*DATA EXCERPTS*
lemma offdiag_support_mono:
  "x \<le> x' \<Longrightarrow> y' \<le> y \<Longrightarrow> offdiag_support a x' y' \<subseteq> offdiag_support a x y"
  unfolding offdiag_support_def by (auto intro: order_trans)

lemma conv_triangular: "triangular (conv a b)"
  by (simp add: triangular_def conv_def)

lemma conv_neq_zeroE:
  assumes "conv a b x y \<noteq> 0"
  obtains z where "x \<le> z" "z \<le> y" "a x z \<noteq> 0" "b z y \<noteq> 0"
proof -
  have "{z. x \<le> z \<and> z \<le> y \<and> a x z * b z y \<noteq> 0} \<noteq> {}"
    using assms unfolding conv_def by (metis sum.empty)
  then show thesis using that by auto
qed

lemma conv_eq_sum:
  assumes "triangular a" "triangular b" "finite F" "{z. a x z * b z y \<noteq> 0} \<subseteq> F"
  shows "conv a b x y = (\<Sum>z\<in>F. a x z * b z y)"
proof (cases "x \<le> y")
  case True
  then have "{z. x \<le> z \<and> z \<le> y \<and> a x z * b z y \<noteq> 0} = {z. a x z * b z y \<noteq> 0}"
    using assms(1,2) by (auto dest: triangularD)
  then show ?thesis
    unfolding conv_def using True assms(3,4) by (auto intro: sum.mono_neutral_left)
next
  case False
  have "a x z * b z y = 0" for z
    using False triangularD[OF assms(1)] triangularD[OF assms(2)] by (metis mult_eq_0_iff order_trans)
  then show ?thesis using False by (simp add: conv_def del: mult_eq_0_iff)
qed

lemma conv_diag:
  assumes "triangular a" "triangular b"
  shows "conv a b x x = a x x * b x x"
proof -
  have "{z. a x z * b z x \<noteq> 0} \<subseteq> {x}"
    using assms by (auto dest: triangularD intro: order.antisym)
  then show ?thesis
    using conv_eq_sum[OF assms, of "{x}"] by simp
qed

definition row_support :: "('a::order, 'k::zero) incidence \<Rightarrow> 'a \<Rightarrow> 'a \<Rightarrow> 'a set" where
  "row_support a x y = {z. x \<le> z \<and> z \<le> y \<and> a x z \<noteq> 0}"

definition col_support :: "('a::order, 'k::zero) incidence \<Rightarrow> 'a \<Rightarrow> 'a \<Rightarrow> 'a set" where
  "col_support a x y = {z. x \<le> z \<and> z \<le> y \<and> a z y \<noteq> 0}"

lemma finite_row_support:
  assumes "a \<in> FI"
  shows "finite (row_support a x y)"
proof (rule finite_subset)
  show "row_support a x y \<subseteq> insert x (snd ` offdiag_support a x y)"
    unfolding row_support_def offdiag_support_def by (force simp: order.order_iff_strict)
qed (simp add: FI_finite_support[OF assms])

lemma finite_col_support:
  assumes "a \<in> FI"
  shows "finite (col_support a x y)"
proof (rule finite_subset)
  show "col_support a x y \<subseteq> insert y (fst ` offdiag_support a x y)"
    unfolding col_support_def offdiag_support_def by (force simp: order.order_iff_strict)
qed (simp add: FI_finite_support[OF assms])

lemma conv_eq_sum_row:
  "a \<in> FI \<Longrightarrow> triangular b \<Longrightarrow> conv a b x y = (\<Sum>z\<in>row_support a x y. a x z * b z y)"
  by (rule conv_eq_sum[OF FI_triangular _ finite_row_support])
    (auto simp: row_support_def dest: FI_triangular triangularD)

lemma conv_eq_sum_col:
  "triangular a \<Longrightarrow> b \<in> FI \<Longrightarrow> conv a b x y = (\<Sum>z\<in>col_support b x y. a x z * b z y)"
  by (rule conv_eq_sum[OF _ FI_triangular finite_col_support])
    (auto simp: col_support_def dest: FI_triangular triangularD)

definition delta :: "('a, 'k::zero_neq_one) incidence" where
  "delta x y = (if x = y then 1 else 0)"

lemma FI_delta: "delta \<in> FI"
  by (simp add: FI_iff triangular_def offdiag_support_def delta_def)

lemma conv_scaled_delta: "triangular a \<Longrightarrow> conv (\<lambda>x y. c * delta x y) a = (\<lambda>x y. c * a x y)"
proof (intro ext)
  fix x y
  assume "triangular a"
  then have "conv (\<lambda>x y. c * delta x y) a x y = (\<Sum>z\<in>{x}. c * delta x z * a z y)"
    by (intro conv_eq_sum) (auto simp: triangular_def delta_def)
  then show "conv (\<lambda>x y. c * delta x y) a x y = c * a x y"
    by (simp add: delta_def)
qed

lemma conv_delta_left: "triangular a \<Longrightarrow> conv delta a = a"
  using conv_scaled_delta[of a 1] by simp

lemma conv_delta_right: "triangular a \<Longrightarrow> conv a delta = a"
proof (intro ext)
  fix x y
  assume "triangular a"
  then have "conv a delta x y = (\<Sum>z\<in>{y}. a x z * delta z y)"
    by (intro conv_eq_sum) (auto simp: triangular_def delta_def)
  then show "conv a delta x y = a x y"
    by (simp add: delta_def)
qed

lemma FI_zero: "(\<lambda>x y. 0) \<in> FI"
  by (simp add: FI_iff triangular_def offdiag_support_def)

lemma FI_add:
  assumes "a \<in> FI" "b \<in> FI"
  shows "(\<lambda>x y. a x y + b x y) \<in> FI"
proof -
  have sub: "offdiag_support (\<lambda>x y. a x y + b x y) x y
      \<subseteq> offdiag_support a x y \<union> offdiag_support b x y" for x y
    by (auto simp: offdiag_support_def)
  have "triangular (\<lambda>x y. a x y + b x y)"
    using assms unfolding FI_iff triangular_def by (metis add.left_neutral add.right_neutral)
  with assms show ?thesis
    by (auto simp: FI_iff intro: finite_subset[OF sub])
qed

lemma FI_scale: "a \<in> FI \<Longrightarrow> (\<lambda>x y. c * a x y) \<in> FI"
  by (auto simp: FI_iff triangular_def offdiag_support_def elim!: allE finite_subset[rotated])

lemma FI_uminus: "a \<in> FI \<Longrightarrow> (\<lambda>x y. - a x y) \<in> FI"
  using FI_scale[of a "- 1"] by simp

lemma FI_diff: "a \<in> FI \<Longrightarrow> b \<in> FI \<Longrightarrow> (\<lambda>x y. a x y - b x y) \<in> FI"
  using FI_add[OF _ FI_uminus, of a b] by simp

lemma FI_conv:
  assumes "a \<in> FI" "b \<in> FI"
  shows "conv a b \<in> FI"
proof -
  have sub: "offdiag_support (conv a b) x y \<subseteq> offdiag_support a x y \<union> offdiag_support b x y
      \<union> fst ` offdiag_support a x y \<times> snd ` offdiag_support b x y" (is "_ \<subseteq> ?S x y") for x y
  proof
    fix p assume "p \<in> offdiag_support (conv a b) x y"
    then obtain u v where p: "p = (u, v)" "x \<le> u" "u < v" "v \<le> y" "conv a b u v \<noteq> 0"
      by (auto simp: offdiag_support_def)
    then obtain z where z: "u \<le> z" "z \<le> v" "a u z \<noteq> 0" "b z v \<noteq> 0"
      by (auto elim: conv_neq_zeroE)
    consider "z = u" | "z = v" | "u < z" "z < v"
      using z by (auto simp: order.order_iff_strict)
    then show "p \<in> ?S x y"
    proof cases
      case 3
      then have "(u, z) \<in> offdiag_support a x y" "(z, v) \<in> offdiag_support b x y"
        using p z by (auto simp: offdiag_support_def intro: order_trans)
      then show ?thesis
        using p(1) by (metis UnI2 fst_conv mem_Times_iff rev_image_eqI snd_conv)
    qed (use p z in \<open>auto simp: offdiag_support_def\<close>)
  qed
  moreover have "finite (?S x y)" for x y
    using assms by (simp add: FI_finite_support)
  ultimately show ?thesis
    by (simp add: FI_iff conv_triangular finite_subset[OF sub])
qed

lemma conv_zero_left: "conv (\<lambda>x y. 0) b = (\<lambda>x y. 0)"
  unfolding conv_def by (intro ext) simp

lemma conv_add_left:
  assumes "triangular a" "triangular b" "c \<in> FI"
  shows "conv (\<lambda>x y. a x y + b x y) c = (\<lambda>x y. conv a c x y + conv b c x y)"
proof -
  have "triangular (\<lambda>x y. a x y + b x y)"
    using assms unfolding triangular_def by (metis add.left_neutral add.right_neutral)
  then show ?thesis
    using assms by (intro ext) (simp add: conv_eq_sum_col distrib_right sum.distrib)
qed

lemma conv_uminus_left:
  assumes "triangular a" "c \<in> FI"
  shows "conv (\<lambda>x y. - a x y) c = (\<lambda>x y. - conv a c x y)"
proof -
  have "triangular (\<lambda>x y. - a x y)"
    using assms by (simp add: triangular_def)
  then show ?thesis
    using assms by (intro ext) (simp add: conv_eq_sum_col sum_negf)
qed

lemma conv_add_right:
  assumes "a \<in> FI" "triangular b" "triangular c"
  shows "conv a (\<lambda>x y. b x y + c x y) = (\<lambda>x y. conv a b x y + conv a c x y)"
proof -
  have "triangular (\<lambda>x y. b x y + c x y)"
    using assms unfolding triangular_def by (metis add.left_neutral add.right_neutral)
  then show ?thesis
    using assms by (intro ext) (simp add: conv_eq_sum_row distrib_left sum.distrib)
qed

lemma conv_diff_right:
  assumes "a \<in> FI" "triangular b" "triangular c"
  shows "conv a (\<lambda>x y. b x y - c x y) = (\<lambda>x y. conv a b x y - conv a c x y)"
proof -
  have "triangular (\<lambda>x y. b x y - c x y)"
    using assms unfolding triangular_def by (metis diff_self diff_zero)
  then show ?thesis
    using assms by (intro ext) (simp add: conv_eq_sum_row right_diff_distrib sum_subtractf)
qed

lemma conv_assoc:
  assumes a: "a \<in> FI" and b: "b \<in> FI" and c: "c \<in> FI"
  shows "conv (conv a b) c = conv a (conv b c)"
proof (intro ext)
  fix x y
  let ?R = "row_support a x y" and ?C = "col_support c x y"
  have ab: "conv a b x w = (\<Sum>z\<in>?R. a x z * b z w)" if "w \<in> ?C" for w
    using that a b
    by (intro conv_eq_sum finite_row_support FI_triangular)
      (auto simp: row_support_def col_support_def dest: FI_triangular triangularD intro: order_trans)
  have bc: "conv b c z y = (\<Sum>w\<in>?C. b z w * c w y)" if "z \<in> ?R" for z
    using that b c
    by (intro conv_eq_sum finite_col_support FI_triangular)
      (auto simp: row_support_def col_support_def dest: FI_triangular triangularD intro: order_trans)
  have "conv (conv a b) c x y = (\<Sum>w\<in>?C. conv a b x w * c w y)"
    using c by (rule conv_eq_sum_col[OF conv_triangular])
  also have "\<dots> = (\<Sum>w\<in>?C. \<Sum>z\<in>?R. a x z * b z w * c w y)"
    by (simp add: ab sum_distrib_right)
  also have "\<dots> = (\<Sum>z\<in>?R. \<Sum>w\<in>?C. a x z * (b z w * c w y))"
    by (subst sum.swap) (simp add: mult.assoc)
  also have "\<dots> = (\<Sum>z\<in>?R. a x z * conv b c z y)"
    by (simp add: bc sum_distrib_left)
  also have "\<dots> = conv a (conv b c) x y"
    using a by (rule conv_eq_sum_row[OF _ conv_triangular, symmetric])
  finally show "conv (conv a b) c x y = conv a (conv b c) x y" .
qed

section \<open>Chains and the filtration by the Z_k\<close>

definition chain_longer :: "'a::order \<Rightarrow> 'a \<Rightarrow> nat \<Rightarrow> bool" where
  "chain_longer x y k \<longleftrightarrow>
     (\<exists>C. finite C \<and> C \<subseteq> {x..y} \<and> Complete_Partial_Order.chain (\<le>) C \<and> k < card C)"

*WORK REQUIRED*
Return exactly what appears above, from the first line of the entries to the line with "y \<and> a x z \<noteq>", inclusive.

*OUTPUT*
lemma offdiag_support_mono:
  "x \<le> x' \<Longrightarrow> y' \<le> y \<Longrightarrow> offdiag_support a x' y' \<subseteq> offdiag_support a x y"
  unfolding offdiag_support_def by (auto intro: order_trans)

lemma conv_triangular: "triangular (conv a b)"
  by (simp add: triangular_def conv_def)

lemma conv_neq_zeroE:
  assumes "conv a b x y \<noteq> 0"
  obtains z where "x \<le> z" "z \<le> y" "a x z \<noteq> 0" "b z y \<noteq> 0"
proof -
  have "{z. x \<le> z \<and> z \<le> y \<and> a x z * b z y \<noteq> 0} \<noteq> {}"
    using assms unfolding conv_def by (metis sum.empty)
  then show thesis using that by auto
qed

lemma conv_eq_sum:
  assumes "triangular a" "triangular b" "finite F" "{z. a x z * b z y \<noteq> 0} \<subseteq> F"
  shows "conv a b x y = (\<Sum>z\<in>F. a x z * b z y)"
proof (cases "x \<le> y")
  case True
  then have "{z. x \<le> z \<and> z \<le> y \<and> a x z * b z y \<noteq> 0} = {z. a x z * b z y \<noteq> 0}"
    using assms(1,2) by (auto dest: triangularD)
  then show ?thesis
    unfolding conv_def using True assms(3,4) by (auto intro: sum.mono_neutral_left)
next
  case False
  have "a x z * b z y = 0" for z
    using False triangularD[OF assms(1)] triangularD[OF assms(2)] by (metis mult_eq_0_iff order_trans)
  then show ?thesis using False by (simp add: conv_def del: mult_eq_0_iff)
qed

lemma conv_diag:
  assumes "triangular a" "triangular b"
  shows "conv a b x x = a x x * b x x"
proof -
  have "{z. a x z * b z x \<noteq> 0} \<subseteq> {x}"
    using assms by (auto dest: triangularD intro: order.antisym)
  then show ?thesis
    using conv_eq_sum[OF assms, of "{x}"] by simp
qed

definition row_support :: "('a::order, 'k::zero) incidence \<Rightarrow> 'a \<Rightarrow> 'a \<Rightarrow> 'a set" where
  "row_support a x y = {z. x \<le> z \<and> z \<le> y \<and> a x z \<noteq> 0}"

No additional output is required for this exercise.